A 66-year-old woman who witnessed one of the mass shootings in Christchurch, New Zealand on Friday is sharing a heartbreaking account of the chaos and confusion of the moment. She describes trying to help a severely wounded man who was lying in the street.

“I heard and saw what I thought were firecrackers and I saw young fellows running down the street. And then all of a sudden it got quite violent and I thought, ‘No, that’s not firecrackers,’” the woman, named Jill Keats, tells the BBC.

“They started falling,” she continued, describing the victims of the attack. “One fell just to the left of my car and one fell to the right. And for a few minutes, I stopped the car in shock.”

The horrific mass shooting has so far claimed the lives of 49 people and injured dozens more in what’s being condemned as a terrorist attack on Friday afternoon in New Zealand. The shootings, which interrupted a day of prayer at both the Al Noor Mosque and the Linwood Mosque, was partially broadcast in a live stream on Facebook.

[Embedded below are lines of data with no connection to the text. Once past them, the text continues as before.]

lemma closed_nbhd_subset_if_rho_leaf:
  assumes X: "simple_graph X" and p: "p \<in> sib_rep X ` verts X" and pq: "(p, q) \<in> adj X"
    and leaf_p: "nbhd (rho X) p = {q}"
  shows "closed_nbhd X p \<subseteq> closed_nbhd X q"
proof
  fix c assume c: "c \<in> closed_nbhd X p"
  show "c \<in> closed_nbhd X q"
  proof (cases "c = p \<or> c = q")
    case True
    then show ?thesis
      using pq simple_graph_adj_sym[OF X] by (auto simp: in_closed_nbhd_iff)
  next
    case False
    with c have pc: "(p, c) \<in> adj X"
      by (simp add: in_closed_nbhd_iff)
    then have cV: "c \<in> verts X"
      using simple_graph_adj_verts[OF X] by blast
    let ?r = "sib_rep X c"
    have "p \<in> closed_nbhd X ?r"
      using pc simple_graph_adj_sym[OF X] closed_nbhd_sib_rep[OF cV]
      by (simp add: in_closed_nbhd_iff)
    then consider "?r = p" | "(p, ?r) \<in> adj X"
      using simple_graph_adj_sym[OF X] by (auto simp: in_closed_nbhd_iff)
    then show ?thesis
    proof cases
      case 1
      then have "closed_nbhd X c = closed_nbhd X p"
        using closed_nbhd_sib_rep[OF cV] by simp
      then have "q \<in> closed_nbhd X c"
        using pq by (simp add: in_closed_nbhd_iff)
      with False show ?thesis
        using simple_graph_adj_sym[OF X] by (auto simp: in_closed_nbhd_iff)
    next
      case 2
      with p cV have "?r \<in> nbhd (rho X) p"
        unfolding rho_def by simp
      with leaf_p have "?r = q"
        by blast
      then show ?thesis
        using closed_nbhd_sib_rep[OF cV] by (simp add: in_closed_nbhd_iff)
    qed
  qed
qed

lemma independent_leaves_rho:
  assumes X: "simple_graph X"
  shows "independent_leaves (rho X)"
  unfolding independent_leaves_def
proof (intro allI impI notI)
  fix a b assume a: "leaf (rho X) a" and b: "leaf (rho X) b" and ab: "(a, b) \<in> adj (rho X)"
  let ?R = "sib_rep X ` verts X"
  have R: "a \<in> ?R" "b \<in> ?R" and abX: "(a, b) \<in> adj X"
    using ab unfolding rho_def by auto
  have ba: "(b, a) \<in> adj (rho X)"
    using simple_graph_adj_sym[OF simple_graph_rho[OF X] ab] .
  txt \<open>Every neighbour of a in X is represented in \<rho> X by a itself or by its unique
    neighbour b there, so N[a] \<subseteq> N[b] in X; symmetrically N[b] \<subseteq> N[a], and then a and b
    would be the same representative.\<close>
  have "nbhd (rho X) a = {b}" "nbhd (rho X) b = {a}"
    using a b ab ba by (metis in_nbhd_iff leafE singletonD)+
  then have "closed_nbhd X a = closed_nbhd X b"
    using closed_nbhd_subset_if_rho_leaf[OF X] R abX simple_graph_adj_sym[OF X abX]
    by (metis subset_antisym)
  then have "sib_rep X a = sib_rep X b"
    by (rule sib_rep_cong)
  moreover have "sib_rep X r = r" if "r \<in> ?R" for r
    using that sib_rep_sib_rep by (elim imageE) simp
  ultimately have "a = b"
    using R by metis
  with abX show False
    using simple_graph_adj_irrefl[OF X] by simp
qed

lemma simple_graph_lambda: "simple_graph X \<Longrightarrow> simple_graph (lambda X)"
  unfolding lambda_def by (rule simple_graph_delete_vertices)

lemma prune_steps_rho_lambda:
  assumes X: "simple_graph X" and "independent_leaves X"
  shows "prune_step\<^sup>*\<^sup>* X (rho (lambda X))"
proof -
  have "prune_step\<^sup>*\<^sup>* X (lambda X)"
    unfolding lambda_def using assms by (rule prune_steps_delete_leaves) simp
  moreover have "prune_step\<^sup>*\<^sup>* (lambda X) (rho (lambda X))"
    using X by (intro prune_steps_rho simple_graph_lambda)
  ultimately show ?thesis
    by (rule rtranclp_trans)
qed

lemma prune_steps_iterate_rho_lambda:
  "simple_graph X \<Longrightarrow> independent_leaves X \<Longrightarrow> prune_step\<^sup>*\<^sup>* X (((rho \<circ> lambda) ^^ k) X)"
proof (induction k arbitrary: X)
  case (Suc k)
  have "prune_step\<^sup>*\<^sup>* (rho (lambda X)) (((rho \<circ> lambda) ^^ k) (rho (lambda X)))"
    using Suc.prems(1)
    by (intro Suc.IH simple_graph_rho independent_leaves_rho simple_graph_lambda)
  with prune_steps_rho_lambda[OF Suc.prems] show ?case
    unfolding funpow_Suc_right comp_apply by (rule rtranclp_trans)
qed simp

lemma card_verts_rho_le: "finite (verts X) \<Longrightarrow> card (verts (rho X)) \<le> card (verts X)"
  unfolding rho_def by (simp add: card_image_le)

lemma card_verts_rho_less:
  assumes "finite (verts X)" and "siblings X u v"
  shows "card (verts (rho X)) < card (verts X)"
proof -
  have "sib_rep X u = sib_rep X v"
    using assms(2) unfolding siblings_def by (intro sib_rep_cong) simp
  with assms(2) have "\<not> inj_on (sib_rep X) (verts X)"
    unfolding siblings_def inj_on_def by blast
  with assms(1) show ?thesis
    unfolding rho_def using card_image_le inj_on_iff_eq_card by (metis le_neq_implies_less select_convs(1))
qed

lemma card_verts_rho_lambda_less:
  assumes X: "simple_graph X" and "\<not> no_leaves_no_siblings X"
  shows "card (verts (rho (lambda X))) < card (verts X)"
proof -
  have fin: "finite (verts X)"
    using X unfolding simple_graph_def by blast
  show ?thesis
  proof (cases "leaves X = {}")
    case False
    then have "verts (lambda X) \<subset> verts X"
      unfolding lambda_def leaves_def leaf_def by auto
    then have "card (verts (lambda X)) < card (verts X)"
      by (rule psubset_card_mono[OF fin])
    moreover have "card (verts (rho (lambda X))) \<le> card (verts (lambda X))"
      using fin unfolding lambda_def by (intro card_verts_rho_le) simp
    ultimately show ?thesis
      by linarith
  next
    case True
    then have "lambda X = X"
      unfolding lambda_def using delete_vertices_empty[OF X] by simp
    moreover obtain u v where "siblings X u v"
      using assms(2) True unfolding no_leaves_no_siblings_def leaves_def by blast
    ultimately show ?thesis
      using card_verts_rho_less[OF fin] by simp
  qed
qed

lemma no_leaves_no_siblings_iterate_rho_lambda:
  "simple_graph X \<Longrightarrow> \<exists>k. no_leaves_no_siblings (((rho \<circ> lambda) ^^ k) X)"
proof (induction "card (verts X)" arbitrary: X rule: less_induct)
  case less
  show ?case
  proof (cases "no_leaves_no_siblings X")
    case True
    then show ?thesis
      by (metis funpow_0)
  next
    case False
    then obtain k where "no_leaves_no_siblings (((rho \<circ> lambda) ^^ k) (rho (lambda X)))"
      using less.hyps[OF card_verts_rho_lambda_less[OF less.prems False]]
        simple_graph_rho[OF simple_graph_lambda[OF less.prems]] by blast
    then have "no_leaves_no_siblings (((rho \<circ> lambda) ^^ Suc k) X)"
      unfolding funpow_Suc_right by simp
    then show ?thesis ..
  qed
qed

lemma no_leaves_no_siblings_reduction:
  "simple_graph X \<Longrightarrow> no_leaves_no_siblings (reduction X)"
  unfolding reduction_def by (rule LeastI_ex) (rule no_leaves_no_siblings_iterate_rho_lambda)

lemma prune_steps_reduction:
  "simple_graph X \<Longrightarrow> independent_leaves X \<Longrightarrow> prune_step\<^sup>*\<^sup>* X (reduction X)"
  unfolding reduction_def by (rule prune_steps_iterate_rho_lambda)

lemma independent_leaves_if_connected:
  assumes X: "simple_graph X" and "connected_graph X" and "\<not> is_K2 X"
  shows "independent_leaves X"
  unfolding independent_leaves_def
proof (intro allI impI notI)
  fix u v assume "leaf X u" "leaf X v" and uv: "(u, v) \<in> adj X"
  then have nbhd: "nbhd X u = {v}" "nbhd X v = {u}"
    using simple_graph_adj_sym[OF X uv] by (metis in_nbhd_iff leafE singletonD)+
  have "w \<in> {u, v}" if "(u, w) \<in> (adj X)\<^sup>*" for w
    using that
  proof (induction rule: rtrancl_induct)
    case (step y z)
    with nbhd show ?case
      by (metis in_nbhd_iff insert_iff singletonD)
  qed simp
  then have "verts X = {u, v}"
    using \<open>connected_graph X\<close> simple_graph_adj_verts[OF X uv]
    unfolding connected_graph_def by blast
  moreover have "u \<noteq> v"
    using uv simple_graph_adj_irrefl[OF X] by blast
  ultimately show False
    using \<open>\<not> is_K2 X\<close> uv unfolding is_K2_def by blast
qed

Additionally, the shooter published a “white supremacist manifesto” online, where he openly discusses his right-wing extremism. Both places of worship are located in a small immigrant community.

Keats says she was driving down a nearby street when she heard the gunfire at the Al Noor Mosque. She stopped her car and tells the BBC she saw an injured man who appeared to be shot in the back, lying on the street. She and another witness pulled the man behind her car in an attempt to use the vehicle as a shield. According to Keats, a third witness nearby was able to pick up three victims, put them in his car, and drive them to the nearest hospital.

“The worst thing was we could hear the ambulances but they couldn’t get to us,” she says. A second man who was shot, but landed farther away, did not survive.

“For a few minutes I stopped the car in shock, and I leaned across the seats to try and avoid getting shot. I opened up my driver’s door and got out and a guy comes up and says ‘Are you alright?’ and I say ‘Yeah I haven’t been shot’.

As far as she knows, the man she tried to save is among the wounded victims in the hospital. When the reporter calls Keats a “hero” for helping the first male victim, she quickly shook her head. “No I’m not,” she says. “You just do what you do at the time. I wish I could have done more.”

Currently, one white man in his twenties has been charged with murder in relation to the shootings, and three others are in custody. New Zealand Prime Minister Jacinda Ardern said in a Friday press conference that it “was clear that this is one of New Zealand’s darkest days,” and issued “the strongest possible condemnation of the ideology of the people who did this.”

Keats says the man she was able to assist and shield with her car was trying to call his wife while gunfire still exploded all around them. “I’m 66, I never thought in my life I’d live to see something like this,” she said. “Not in New Zealand.”